- What is needed
Taking the line with "(simp add: algebra_simps)" as the first and the line with "- \<tau> * w$2\<bar>" as the last, set down exactly every line in that range from the entries below, and no more.

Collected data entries
(* The following hold. (1) If $G$ is a finite elementary abelian $2$-group, then $\Gamma^+_{G,H}$ admits a perfect code for every subgroup $H$ of $G$. (2) If $G$ is a finite abelian group of odd order, then $\Gamma^+_{G,H}$ admits a perfect code if and only if $H\in\{\{0\},G\}$. (3) If $n$ is an even positive integer and $H\le\mathbb{Z}_n$, then $\Gamma^+_{\mathbb{Z}_n,H}$ admits a perfect code if and only if $H\in\{\mathbb{Z}_n,\{0\},\langle 2\rangle\}$. (4) If $G=\mathbb{Z}_4^n$ for some $n\ge1$ and $H\le G$, then $\Gamma^+_{G,H}$ admits a perfect code if and only if $H\in\{\{0\},G\}$ or $H$ contains all involutions of $G$.
   Context: Abelian groups are written additively with identity $0$. For a subgroup $H$ of a finite abelian group $G$, the extended subgroup sum graph $\Gamma^+_{G,H}$ is the simple undirected graph with vertex set $G$ in which distinct vertices $x,y$ are adjacent if and only if $x+y\in H$. A perfect code in a graph is a set $C$ of vertices that is independent and such that every vertex not in $C$ is adjacent to exactly one vertex of $C$. An involution is an element of order exactly $2$. *)

theory Defs
  imports "HOL-Algebra.Algebra"
begin

text \<open>Extended subgroup sum graph of G w.r.t. H (group written multiplicatively in
HOL-Algebra; the group operation plays the role of +): vertex set carrier G,
distinct x, y adjacent iff x \<otimes> y \<in> H.\<close>
definition sum_graph_adj :: "('a, 'b) monoid_scheme \<Rightarrow> 'a set \<Rightarrow> 'a \<Rightarrow> 'a \<Rightarrow> bool" where
  "sum_graph_adj G H x y \<longleftrightarrow>
     x \<in> carrier G \<and> y \<in> carrier G \<and> x \<noteq> y \<and> x \<otimes>\<^bsub>G\<^esub> y \<in> H"

definition perfect_code :: "('a, 'b) monoid_scheme \<Rightarrow> 'a set \<Rightarrow> 'a set \<Rightarrow> bool" where
  "perfect_code G H C \<longleftrightarrow>
     C \<subseteq> carrier G \<and>
     (\<forall>x\<in>C. \<forall>y\<in>C. \<not> sum_graph_adj G H x y) \<and>
     (\<forall>x\<in>carrier G - C. \<exists>!c. c \<in> C \<and> sum_graph_adj G H x c)"

definition has_perfect_code :: "('a, 'b) monoid_scheme \<Rightarrow> 'a set \<Rightarrow> bool" where
  "has_perfect_code G H \<longleftrightarrow> (\<exists>C. perfect_code G H C)"

definition involutions :: "('a, 'b) monoid_scheme \<Rightarrow> 'a set" where
  "involutions G = {x \<in> carrier G. group.ord G x = 2}"

end

theory Submission
  imports Defs
begin

text \<open>
  For a subgroup H of an abelian group G, the graph has a perfect code iff H = {0} or H contains
  every double 2x. If 2G \<subseteq> H then x + y \<in> H iff y - x \<in> H, so the graph is a disjoint union
  of cliques on the cosets of H and a transversal of the cosets is a perfect code; for H = {0}
  the cliques are the pairs {x, -x}. Conversely, given a code element z with 2z \<notin> H and some
  h \<noteq> 0 in H, either z + h lies in the code and -z has two code neighbours, or the code
  neighbour c of z + h is adjacent to z; and a vertex x off the code inherits 2x \<in> H from its
  code neighbour c, as 2x = 2(x + c) - 2c. The four cases then only require computing 2G: it is
  G when |G| is odd, the index-2 subgroup generated by 2 in Z_n for even n, and the 2-torsion
  subgroup, i.e. 0 and the involutions, in Z_4^n.
\<close>

lemma perfect_codeD:
  assumes "perfect_code G H C"
  shows "C \<subseteq> carrier G"
    and "\<And>x y. x \<in> C \<Longrightarrow> y \<in> C \<Longrightarrow> \<not> sum_graph_adj G H x y"
    and "\<And>x. x \<in> carrier G \<Longrightarrow> x \<notin> C \<Longrightarrow> \<exists>!c. c \<in> C \<and> sum_graph_adj G H x c"
  using assms unfolding perfect_code_def by auto

lemma perfect_code_representatives:
  assumes R: "equiv (carrier G) R"
    and adj: "\<And>x y. sum_graph_adj G H x y \<longleftrightarrow> (x, y) \<in> R \<and> x \<noteq> y"
  shows "perfect_code G H {x \<in> carrier G. x = (SOME y. (x, y) \<in> R)}"
proof -
  define r where "r x = (SOME y. (x, y) \<in> R)" for x
  have r_rel: "(x, r x) \<in> R" if "x \<in> carrier G" for x
  proof -
    have "(x, x) \<in> R" using equiv_class_self[OF R that] by simp
    then show ?thesis unfolding r_def by (rule someI)
  qed
  have r_eq: "r x = r y" if "(x, y) \<in> R" for x y
  proof -
    have "R `` {x} = R `` {y}" using R that by (rule equiv_class_eq)
    then show ?thesis unfolding r_def by (simp add: Image_singleton set_eq_iff)
  qed
  have r_carrier: "r x \<in> carrier G" if "x \<in> carrier G" for x
    using r_rel[OF that] equiv_type[OF R] by blast
  show ?thesis
    unfolding perfect_code_def r_def[symmetric]
  proof (intro conjI ballI)
    fix x y assume "x \<in> {x \<in> carrier G. x = r x}" "y \<in> {x \<in> carrier G. x = r x}"
    then show "\<not> sum_graph_adj G H x y" using adj r_eq by (metis (mono_tags) mem_Collect_eq)
  next
    fix x assume x: "x \<in> carrier G - {x \<in> carrier G. x = r x}"
    then have "r x \<noteq> x" "r (r x) = r x" using r_eq[OF r_rel, of x] by auto
    then have "r x \<in> {x \<in> carrier G. x = r x} \<and> sum_graph_adj G H x (r x)"
      using x r_carrier r_rel adj by auto
    moreover have "c = r x" if "c \<in> {x \<in> carrier G. x = r x}" "sum_graph_adj G H x c" for c
      using that adj r_eq by (metis (mono_tags) mem_Collect_eq)
    ultimately show "\<exists>!c. c \<in> {x \<in> carrier G. x = r x} \<and> sum_graph_adj G H x c" by blast
  qed auto
qed
lemma open_sq_segment:
  assumes "y \<in> open_sq s"
  shows "\<exists>\<tau>>0. y + \<tau> *\<^sub>R w \<in> open_sq s \<and> y - \<tau> *\<^sub>R w \<in> open_sq s"
proof -
  define m where "m = min (s - \<bar>y$1\<bar>) (s - \<bar>y$2\<bar>)"
  have m: "m > 0" using assms unfolding open_sq_def m_def by auto
  define \<tau> where "\<tau> = m / (\<bar>w$1\<bar> + \<bar>w$2\<bar> + 1)"
  have \<tau>: "\<tau> > 0" using m unfolding \<tau>_def by (simp add: add_pos_nonneg)
  have "\<tau> * (\<bar>w$1\<bar> + \<bar>w$2\<bar> + 1) = m" unfolding \<tau>_def
    by (simp add: add_pos_nonneg order.strict_implies_not_eq[symmetric])
  then have "\<tau> * \<bar>w$1\<bar> + \<tau> * \<bar>w$2\<bar> + \<tau> = m" by (simp add: algebra_simps)
  moreover have "\<tau> * \<bar>w$1\<bar> \<ge> 0" "\<tau> * \<bar>w$2\<bar> \<ge> 0" using \<tau> by simp_all
  ultimately have b: "\<tau> * \<bar>w$1\<bar> < m" "\<tau> * \<bar>w$2\<bar> < m" using \<tau> by linarith+
  have tw: "\<bar>\<tau> * w$1\<bar> = \<tau> * \<bar>w$1\<bar>" "\<bar>\<tau> * w$2\<bar> = \<tau> * \<bar>w$2\<bar>" using \<tau> by (simp_all add: abs_mult)
  have mm: "m \<le> s - \<bar>y$1\<bar>" "m \<le> s - \<bar>y$2\<bar>" unfolding m_def by simp_all
  have tri: "\<bar>a + b\<bar> \<le> \<bar>a\<bar> + \<bar>b\<bar>" "\<bar>a - b\<bar> \<le> \<bar>a\<bar> + \<bar>b\<bar>" for a b :: real by arith+
  have "\<bar>y$1 + \<tau> * w$1\<bar> < s" "\<bar>y$1 - \<tau> * w$1\<bar> < s"
    using tri[of "y$1" "\<tau> * w$1"] tw(1) b(1) mm(1) by linarith+
  moreover have "\<bar>y$2 + \<tau> * w$2\<bar> < s" "\<bar>y$2 - \<tau> * w$2\<bar> < s"
    using tri[of "y$2" "\<tau> * w$2"] tw(2) b(2) mm(2) by linarith+
  ultimately show ?thesis using \<tau> unfolding open_sq_def by auto
qed

lemma affmap_add_preimage_basis:
  assumes "p*t - q*r \<noteq> 0"
  defines "w1 \<equiv> vector [t/(p*t - q*r), -r/(p*t - q*r)]" and "w2 \<equiv> vector [-q/(p*t - q*r), p/(p*t - q*r)]"
  shows "affmap p q r t b1 b2 (y + \<tau> *\<^sub>R w1) = affmap p q r t b1 b2 y + vector [\<tau>, 0]"
    and "affmap p q r t b1 b2 (y - \<tau> *\<^sub>R w1) = affmap p q r t b1 b2 y - vector [\<tau>, 0]"
    and "affmap p q r t b1 b2 (y + \<tau> *\<^sub>R w2) = affmap p q r t b1 b2 y + vector [0, \<tau>]"
    and "affmap p q r t b1 b2 (y - \<tau> *\<^sub>R w2) = affmap p q r t b1 b2 y - vector [0, \<tau>]"
proof -
  have e: "p * w1$1 + q * w1$2 = 1" "r * w1$1 + t * w1$2 = 0"
    "p * w2$1 + q * w2$2 = 0" "r * w2$1 + t * w2$2 = 1"
    unfolding w1_def w2_def using assms(1) by (simp_all add: divide_simps; simp add: algebra_simps)+
  have g: "affmap p q r t b1 b2 (y + \<tau> *\<^sub>R w) = affmap p q r t b1 b2 y +
      \<tau> *\<^sub>R vector [p * w$1 + q * w$2, r * w$1 + t * w$2]"
    "affmap p q r t b1 b2 (y - \<tau> *\<^sub>R w) = affmap p q r t b1 b2 y -
      \<tau> *\<^sub>R vector [p * w$1 + q * w$2, r * w$1 + t * w$2]" for w
    by (simp_all add: vec2_eq_iff algebra_simps)
  show "affmap p q r t b1 b2 (y + \<tau> *\<^sub>R w1) = affmap p q r t b1 b2 y + vector [\<tau>, 0]"
    and "affmap p q r t b1 b2 (y - \<tau> *\<^sub>R w1) = affmap p q r t b1 b2 y - vector [\<tau>, 0]"
    and "affmap p q r t b1 b2 (y + \<tau> *\<^sub>R w2) = affmap p q r t b1 b2 y + vector [0, \<tau>]"
    and "affmap p q r t b1 b2 (y - \<tau> *\<^sub>R w2) = affmap p q r t b1 b2 y - vector [0, \<tau>]"
    unfolding g e by (simp_all add: vec2_eq_iff)
qed

lemma unit_interval_sign_shift:
  fixes x :: real and e k m :: int
  assumes e: "e \<in> {1,-1}" and x: "of_int k \<le> x" "x \<le> of_int k + 1"
    and y: "of_int k \<le> of_int e * x + 2 * of_int m" "of_int e * x + 2 * of_int m \<le> of_int k + 1"
  shows "of_int e * x + 2 * of_int m = x"
proof (cases "e = 1")
  case True
  then have "of_int (2*m) \<le> (1::real)" "of_int (-1) \<le> (of_int (2*m)::real)" using x y by simp_all
  then have "2*m \<le> 1" "-1 \<le> 2*m" by (simp_all only: of_int_le_iff of_int_1)
  then show ?thesis using True by simp
next
  case False
  then have e: "e = -1" using e by simp
  then have "of_int (2*m) \<le> (of_int (2*k+2)::real)" "(of_int (2*k)::real) \<le> of_int (2*m)"
    using x y by simp_all
  then have "2*m \<le> 2*k+2" "2*k \<le> 2*m" by (simp_all only: of_int_le_iff)
  then have "m = k \<or> m = k + 1" by auto
  then show ?thesis using x y e by auto
qed

lemma abs_eq_times_sign: "\<bar>x\<bar> = k \<Longrightarrow> \<exists>e\<in>{1,-1::int}. x = k * of_int e"
  for x k :: real
  by (cases "x \<ge> 0") (auto intro: bexI[of _ 1] bexI[of _ "-1"])

lemma closed_sq_unit_cell_iff: "\<bar>x - (h + 1/2)\<bar> \<le> 1/2 \<longleftrightarrow> h \<le> x \<and> x \<le> h + 1" for x h :: real
  by arith

lemma pmm_std_unit_cell:
  assumes g: "g \<in> pmm_std" and w: "w \<in> closed_sq (of_int k + 1/2) (of_int l + 1/2) (1/2)"
    and gw: "g w \<in> closed_sq (of_int k + 1/2) (of_int l + 1/2) (1/2)"
  shows "g w = w"
proof -
  obtain e1 e2 m n where e: "e1 \<in> {1,-1}" "e2 \<in> {1,-1}" "g = pmm_elt e1 e2 m n"
    using g by (rule pmm_stdE)
  have w': "of_int k \<le> w$1" "w$1 \<le> of_int k + 1" "of_int l \<le> w$2" "w$2 \<le> of_int l + 1"
    and gw': "of_int k \<le> g w$1" "g w$1 \<le> of_int k + 1" "of_int l \<le> g w$2" "g w$2 \<le> of_int l + 1"
    using w gw unfolding closed_sq_def closed_sq_unit_cell_iff by auto
  show ?thesis
    using unit_interval_sign_shift[OF e(1) w'(1,2)] unit_interval_sign_shift[OF e(2) w'(3,4)] gw' e(3)
    by (simp add: vec2_eq_iff)
qed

- Written reply
  then have "\<tau> * \<bar>w$1\<bar> + \<tau> * \<bar>w$2\<bar> + \<tau> = m" by (simp add: algebra_simps)
  moreover have "\<tau> * \<bar>w$1\<bar> \<ge> 0" "\<tau> * \<bar>w$2\<bar> \<ge> 0" using \<tau> by simp_all
  ultimately have b: "\<tau> * \<bar>w$1\<bar> < m" "\<tau> * \<bar>w$2\<bar> < m" using \<tau> by linarith+
  have tw: "\<bar>\<tau> * w$1\<bar> = \<tau> * \<bar>w$1\<bar>" "\<bar>\<tau> * w$2\<bar> = \<tau> * \<bar>w$2\<bar>" using \<tau> by (simp_all add: abs_mult)
  have mm: "m \<le> s - \<bar>y$1\<bar>" "m \<le> s - \<bar>y$2\<bar>" unfolding m_def by simp_all
  have tri: "\<bar>a + b\<bar> \<le> \<bar>a\<bar> + \<bar>b\<bar>" "\<bar>a - b\<bar> \<le> \<bar>a\<bar> + \<bar>b\<bar>" for a b :: real by arith+
  have "\<bar>y$1 + \<tau> * w$1\<bar> < s" "\<bar>y$1 - \<tau> * w$1\<bar> < s"
    using tri[of "y$1" "\<tau> * w$1"] tw(1) b(1) mm(1) by linarith+
  moreover have "\<bar>y$2 + \<tau> * w$2\<bar> < s" "\<bar>y$2 - \<tau> * w$2\<bar> < s"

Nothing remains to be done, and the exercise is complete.